Thursday, January 15, UCSB Arts & Lectures presents a 7:30 p.m. screening of Secrecy at Campbell Hall. With insight from intelligence analysts, former spies, attorneys for secretly held “terrorists,” journalists, and others interspersed with archival footage, satellite imagery, multimedia art installations, whimsical sketches, and a moving soundtrack, the documentary pulls back the sheet over the clandestine ways of the United States government. It asks whether government secrecy makes Americans safer in the 21st century, and the answers will certainly surprise you. Here are three startling bits of insight:

1] “The state secrets privilege was established with a lie.” At least that’s the claim of Ben Wizner, the attorney for innocent CIA torture victim Khalid El-Masri. He’s referring to United States v. Reynolds, the landmark case in which the government was able to stop an inquiry into the details of a military plane crash that killed nine people (including three civilians) because of allegedly sensitive and classified information. There was no such information on the crash reports.

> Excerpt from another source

(* In a symmetric instance with $k$ signals ($2\le k\le n$), for every $s\in[-\infty,0]$ and every $s$-Pareto point collection $\mathcal P$, there exists a symmetric, direct and persuasive signaling scheme $\varphi^*$ with $k$ signals such that $u_{\mathcal S}(\varphi^* )=u_{\mathcal S}(\mathcal P)$ (and $u_{\mathcal R}(\varphi^* )=u_{\mathcal R}(\mathcal P)$).
   Context: Model: a receiver chooses one of the actions $[n]$; each action $i$ has a type $\theta_i$; the state $\boldsymbol\theta$ is drawn from a commonly known distribution $q$ over a finite set of type vectors; each type $t$ has receiver value $\rho(t)$ and sender value $\xi(t)$. A direct scheme with $k$ signals maps each state to a distribution over $k$ signals, each recommending an action; it is persuasive if for every signal $\sigma$ sent with positive probability recommending $i$, $\mathbb E[\rho(\theta_i)\mid\sigma]\ge\mathbb E[\rho(\theta_j)\mid\sigma]$ for all $j$; $u_{\mathcal S},u_{\mathcal R}$ denote expected utilities when the receiver follows. $\rho_E=\max_i\sum_{\boldsymbol\theta}q_{\boldsymbol\theta}\rho(\theta_i)$. Symmetric instance: $q_{\boldsymbol\theta}=q_{\boldsymbol\theta'}$ whenever $\boldsymbol\theta'$ is a permutation of $\boldsymbol\theta$; types in a state are pairwise distinct. For a permutation $\pi$ of $[n]$ let $(\pi\cdot\boldsymbol\theta)_{\pi(l)}=\theta_l$. A symmetric scheme is a direct scheme whose signals recommend actions $1,\dots,k$ and with $\varphi(\pi\cdot\boldsymbol\theta,\pi(i))=\varphi(\boldsymbol\theta,i)$ for all states, all $i\in[k]$, and all permutations $\pi$ of $[n]$ with $\pi([k])=[k]$. Identify each type $c$ with the point $(\rho(c),\xi(c))$. For a $k$-set $C$ of types, $q_C=\Pr[\{\theta_1,\dots,\theta_k\}=C]$. For $s\in(-\infty,0]$, $p\in\mathrm{conv}(C)$ corresponds to slope $s$ if it maximizes $y-sx$ over $(x,y)\in\mathrm{conv}(C)$; it corresponds to slope $-\infty$ if it maximizes the first coordinate over $\mathrm{conv}(C)$. A point collection $\mathcal P$ assigns to each $C$ with $q_C>0$ a point $p(C)=(p_{\mathcal R}(C),p_{\mathcal S}(C))\in\mathrm{conv}(C)$; $u_{\mathcal S}(\mathcal P)=\sum_Cq_Cp_{\mathcal S}(C)$, $u_{\mathcal R}(\mathcal P)=\sum_Cq_Cp_{\mathcal R}(C)$. $\mathcal P$ is $s$-Pareto if every $p(C)$ corresponds to slope $s$ and $u_{\mathcal R}(\mathcal P)\ge\rho_E$. *)

theory Defs
  imports "HOL-Analysis.Analysis"
begin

2. “This is the kind of damage that can come from a leak of sensitive information.” So explains the National Security Agency’s Mike Lewis of the 1983 bombing of a U.S. Marine Base in Lebanon, referring to newspaper articles that revealed how the CIA spied on the terrorists. Journalism gets hit hard by intelligence veterans, who say that even 9/11 could have been prevented, had it not been for some press reports.

3. “The gloves really do come off-and the hoods go on, and the electrodes go on, and the leashes go on.” Thomas Blanton, the director of the National Security Archive at George Washington University, explains of the cycles of secrecy and violence in American history, pointing to the War on Terror as the latest dip back into ultra-secret and frighteningly unrestrained techniques.